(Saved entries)
○ ○ ○ ○ ○

lemma has_real_derivative_flat_exp:
  "(flat_exp k has_real_derivative (- real k * flat_exp (Suc k) x + flat_exp (Suc (Suc k)) x)) (at x)"
proof (cases x "0::real" rule: linorder_cases)
  case less
  have "((\<lambda>y. 0) has_real_derivative (- real k * flat_exp (Suc k) x + flat_exp (Suc (Suc k)) x)) (at x)"
    using less by (auto intro!: derivative_eq_intros simp: flat_exp_def)
  then show ?thesis
    by (rule has_field_derivative_transform_within_open[where S = "{..<0}"])
       (use less in \<open>auto simp: flat_exp_def\<close>)
next
  case greater
  have "((\<lambda>y. (1 / y) ^ k * exp (- (1 / y))) has_real_derivative
          (- real k * flat_exp (Suc k) x + flat_exp (Suc (Suc k)) x)) (at x)"
    using greater
    by (auto intro!: derivative_eq_intros simp: flat_exp_def)
       (cases k; auto simp: field_simps power2_eq_square)
  then show ?thesis
    by (rule has_field_derivative_transform_within_open[where S = "{0<..}"])
       (use greater in \<open>auto simp: flat_exp_def\<close>)
next
  case equal
  have "\<forall>\<^sub>F h in at_left 0. (flat_exp k (0 + h) - flat_exp k 0) / h = 0"
    unfolding eventually_at_left_field by (rule exI[of _ "-1"]) (simp add: flat_exp_def)
  then have "((\<lambda>h. (flat_exp k (0 + h) - flat_exp k 0) / h) \<longlongrightarrow> 0) (at_left 0)"
    by (rule tendsto_eventually)
  moreover have "\<forall>\<^sub>F h in at_right 0. flat_exp (Suc k) h = (flat_exp k (0 + h) - flat_exp k 0) / h"
    unfolding eventually_at_right_field by (rule exI[of _ 1]) (simp add: flat_exp_def)
  with flat_exp_tendsto_0
  have "((\<lambda>h. (flat_exp k (0 + h) - flat_exp k 0) / h) \<longlongrightarrow> 0) (at_right 0)"
    by (rule Lim_transform_eventually)
  ultimately have "((\<lambda>h. (flat_exp k (0 + h) - flat_exp k 0) / h) \<longlongrightarrow> 0) (at 0)"
    by (rule filterlim_split_at)
  then show ?thesis
    using equal by (simp add: DERIV_def flat_exp_def)
qed

text \<open>The functions generated from the \<open>flat_exp k\<close> by these closure rules are \<open>C\<^sup>\<infinity>\<close>
  because the class is closed under \<open>deriv\<close> (lemma \<open>smooth_class_deriv\<close>).\<close>
inductive smooth_class :: "(real \<Rightarrow> real) \<Rightarrow> bool" where
  smooth_class_flat_exp: "smooth_class (flat_exp k)"
| smooth_class_const: "smooth_class (\<lambda>x. c)"
| smooth_class_add: "smooth_class f \<Longrightarrow> smooth_class g \<Longrightarrow> smooth_class (\<lambda>x. f x + g x)"
| smooth_class_mult: "smooth_class f \<Longrightarrow> smooth_class g \<Longrightarrow> smooth_class (\<lambda>x. f x * g x)"
| smooth_class_affine: "smooth_class f \<Longrightarrow> smooth_class (\<lambda>x. f (a * x + b))"
| smooth_class_inverse: "smooth_class f \<Longrightarrow> (\<And>x. f x \<noteq> 0) \<Longrightarrow> smooth_class (\<lambda>x. inverse (f x))"
lemma nn_integral_dyadic_majorant_le:
  fixes M :: "'a::real_normed_vector measure"
  assumes sets: "sets M = sets borel" and A: "A \<in> sets borel"
    and shells: "\<And>lam. lam > 0 \<Longrightarrow> emeasure M (shell A lam) \<le> ennreal (K * lam powr s)"
  shows "(\<integral>\<^sup>+z. dyadic_majorant A r n z \<partial>M)
    \<le> ennreal (K * (2 powr (s - r - 1)) ^ n) + ennreal (K * (2 powr (1 - s)) ^ Suc n)"
proof -
  have sets_M: "shell A (2 powr real n) \<in> sets M" "shell A (2 powr - real (Suc n)) \<in> sets M"
    unfolding sets using A by (simp_all add: shell_borel)
  have "(2 powr real n) powr s = (2 powr s) ^ n"
    by (simp add: powr_powr powr_of_nat_mult)
  moreover have "2 powr (-r - 1) * 2 powr s = 2 powr (s - r - 1)"
    unfolding powr_add[symmetric] by (rule arg_cong[where f = "\<lambda>t. 2 powr t"]) simp
  ultimately have outer: "(2 powr (-r - 1)) ^ n * (K * (2 powr real n) powr s) = K * (2 powr (s - r - 1)) ^ n"
    by (simp add: power_mult_distrib[symmetric])
  have "(2 powr - real (Suc n)) powr s = 2 powr (real (Suc n) * - s)"
    by (simp only: powr_powr mult_minus_left mult_minus_right)
  also have "\<dots> = (2 powr - s) ^ Suc n"
    by (rule powr_of_nat_mult) simp
  moreover have "2 * 2 powr - s = 2 powr (1 - s)"
    using powr_add[of 2 1 "- s"] by simp
  ultimately have inner: "2 ^ Suc n * (K * (2 powr - real (Suc n)) powr s) = K * (2 powr (1 - s)) ^ Suc n"
    by (simp only: power_mult_distrib[symmetric] mult.left_commute)
  have "(\<integral>\<^sup>+z. dyadic_majorant A r n z \<partial>M)
      = ennreal ((2 powr (-r - 1)) ^ n) * emeasure M (shell A (2 powr real n))
        + ennreal (2 ^ Suc n) * emeasure M (shell A (2 powr - real (Suc n)))"
    unfolding dyadic_majorant_def using sets_M by (simp add: nn_integral_add nn_integral_cmult_indicator)
  also have "\<dots> \<le> ennreal ((2 powr (-r - 1)) ^ n) * ennreal (K * (2 powr real n) powr s)
      + ennreal (2 ^ Suc n) * ennreal (K * (2 powr - real (Suc n)) powr s)"
    by (intro add_mono mult_left_mono shells) simp_all
  also have "\<dots> = ennreal ((2 powr (-r - 1)) ^ n * (K * (2 powr real n) powr s))
      + ennreal (2 ^ Suc n * (K * (2 powr - real (Suc n)) powr s))"
    by (simp add: ennreal_mult'[symmetric])
  also have "\<dots> = ennreal (K * (2 powr (s - r - 1)) ^ n) + ennreal (K * (2 powr (1 - s)) ^ Suc n)"
    by (simp only: outer inner)
  finally show ?thesis .
qed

○ ○ ○ ○ ○

When the entries above are retyped, each line must stay exactly as it is.

Task output »
lemma has_real_derivative_flat_exp:
  "(flat_exp k has_real_derivative (- real k * flat_exp (Suc k) x + flat_exp (Suc (Suc k)) x)) (at x)"
proof (cases x "0::real" rule: linorder_cases)
  case less
  have "((\<lambda>y. 0) has_real_derivative (- real k * flat_exp (Suc k) x + flat_exp (Suc (Suc k)) x)) (at x)"
    using less by (auto intro!: derivative_eq_intros simp: flat_exp_def)
  then show ?thesis
    by (rule has_field_derivative_transform_within_open[where S = "{..<0}"])
       (use less in \<open>auto simp: flat_exp_def\<close>)
next
  case greater
  have "((\<lambda>y. (1 / y) ^ k * exp (- (1 / y))) has_real_derivative
          (- real k * flat_exp (Suc k) x + flat_exp (Suc (Suc k)) x)) (at x)"
    using greater
    by (auto intro!: derivative_eq_intros simp: flat_exp_def)
       (cases k; auto simp: field_simps power2_eq_square)
  then show ?thesis
    by (rule has_field_derivative_transform_within_open[where S = "{0<..}"])
       (use greater in \<open>auto simp: flat_exp_def\<close>)
next
  case equal
  have "\<forall>\<^sub>F h in at_left 0. (flat_exp k (0 + h) - flat_exp k 0) / h = 0"
    unfolding eventually_at_left_field by (rule exI[of _ "-1"]) (simp add: flat_exp_def)
  then have "((\<lambda>h. (flat_exp k (0 + h) - flat_exp k 0) / h) \<longlongrightarrow> 0) (at_left 0)"
    by (rule tendsto_eventually)
  moreover have "\<forall>\<^sub>F h in at_right 0. flat_exp (Suc k) h = (flat_exp k (0 + h) - flat_exp k 0) / h"
    unfolding eventually_at_right_field by (rule exI[of _ 1]) (simp add: flat_exp_def)
  with flat_exp_tendsto_0
  have "((\<lambda>h. (flat_exp k (0 + h) - flat_exp k 0) / h) \<longlongrightarrow> 0) (at_right 0)"
    by (rule Lim_transform_eventually)
  ultimately have "((\<lambda>h. (flat_exp k (0 + h) - flat_exp k 0) / h) \<longlongrightarrow> 0) (at 0)"
    by (rule filterlim_split_at)
  then show ?thesis
    using equal by (simp add: DERIV_def flat_exp_def)
qed

text \<open>The functions generated from the \<open>flat_exp k\<close> by these closure rules are \<open>C\<^sup>\<infinity>\<close>
  because the class is closed under \<open>deriv\<close> (lemma \<open>smooth_class_deriv\<close>).\<close>
inductive smooth_class :: "(real \<Rightarrow> real) \<Rightarrow> bool" where
  smooth_class_flat_exp: "smooth_class (flat_exp k)"
| smooth_class_const: "smooth_class (\<lambda>x. c)"
| smooth_class_add: "smooth_class f \<Longrightarrow> smooth_class g \<Longrightarrow> smooth_class (\<lambda>x. f x + g x)"
| smooth_class_mult: "smooth_class f \<Longrightarrow> smooth_class g \<Longrightarrow> smooth_class (\<lambda>x. f x * g x)"
| smooth_class_affine: "smooth_class f \<Longrightarrow> smooth_class (\<lambda>x. f (a * x + b))"
| smooth_class_inverse: "smooth_class f \<Longrightarrow> (\<And>x. f x \<noteq> 0) \<Longrightarrow> smooth_class (\<lambda>x. inverse (f x))"
lemma nn_integral_dyadic_majorant_le:
  fixes M :: "'a::real_normed_vector measure"
  assumes sets: "sets M = sets borel" and A: "A \<in> sets borel"
    and shells: "\<And>lam. lam > 0 \<Longrightarrow> emeasure M (shell A lam) \<le> ennreal (K * lam powr s)"
  shows "(\<integral>\<^sup>+z. dyadic_majorant A r n z \<partial>M)
    \<le> ennreal (K * (2 powr (s - r - 1)) ^ n) + ennreal (K * (2 powr (1 - s)) ^ Suc n)"
proof -
  have sets_M: "shell A (2 powr real n) \<in> sets M" "shell A (2 powr - real (Suc n)) \<in> sets M"
    unfolding sets using A by (simp_all add: shell_borel)
  have "(2 powr real n) powr s = (2 powr s) ^ n"
    by (simp add: powr_powr powr_of_nat_mult)
  moreover have "2 powr (-r - 1) * 2 powr s = 2 powr (s - r - 1)"
    unfolding powr_add[symmetric] by (rule arg_cong[where f = "\<lambda>t. 2 powr t"]) simp
  ultimately have outer: "(2 powr (-r - 1)) ^ n * (K * (2 powr real n) powr s) = K * (2 powr (s - r - 1)) ^ n"
    by (simp add: power_mult_distrib[symmetric])
  have "(2 powr - real (Suc n)) powr s = 2 powr (real (Suc n) * - s)"
    by (simp only: powr_powr mult_minus_left mult_minus_right)
  also have "\<dots> = (2 powr - s) ^ Suc n"
    by (rule powr_of_nat_mult) simp
  moreover have "2 * 2 powr - s = 2 powr (1 - s)"
    using powr_add[of 2 1 "- s"] by simp
  ultimately have inner: "2 ^ Suc n * (K * (2 powr - real (Suc n)) powr s) = K * (2 powr (1 - s)) ^ Suc n"
    by (simp only: power_mult_distrib[symmetric] mult.left_commute)
  have "(\<integral>\<^sup>+z. dyadic_majorant A r n z \<partial>M)
      = ennreal ((2 powr (-r - 1)) ^ n) * emeasure M (shell A (2 powr real n))
        + ennreal (2 ^ Suc n) * emeasure M (shell A (2 powr - real (Suc n)))"
    unfolding dyadic_majorant_def using sets_M by (simp add: nn_integral_add nn_integral_cmult_indicator)
  also have "\<dots> \<le> ennreal ((2 powr (-r - 1)) ^ n) * ennreal (K * (2 powr real n) powr s)
      + ennreal (2 ^ Suc n) * ennreal (K * (2 powr - real (Suc n)) powr s)"
    by (intro add_mono mult_left_mono shells) simp_all
  also have "\<dots> = ennreal ((2 powr (-r - 1)) ^ n * (K * (2 powr real n) powr s))
      + ennreal (2 ^ Suc n * (K * (2 powr - real (Suc n)) powr s))"
    by (simp add: ennreal_mult'[symmetric])
  also have "\<dots> = ennreal (K * (2 powr (s - r - 1)) ^ n) + ennreal (K * (2 powr (1 - s)) ^ Suc n)"
    by (simp only: outer inner)
  finally show ?thesis .
qed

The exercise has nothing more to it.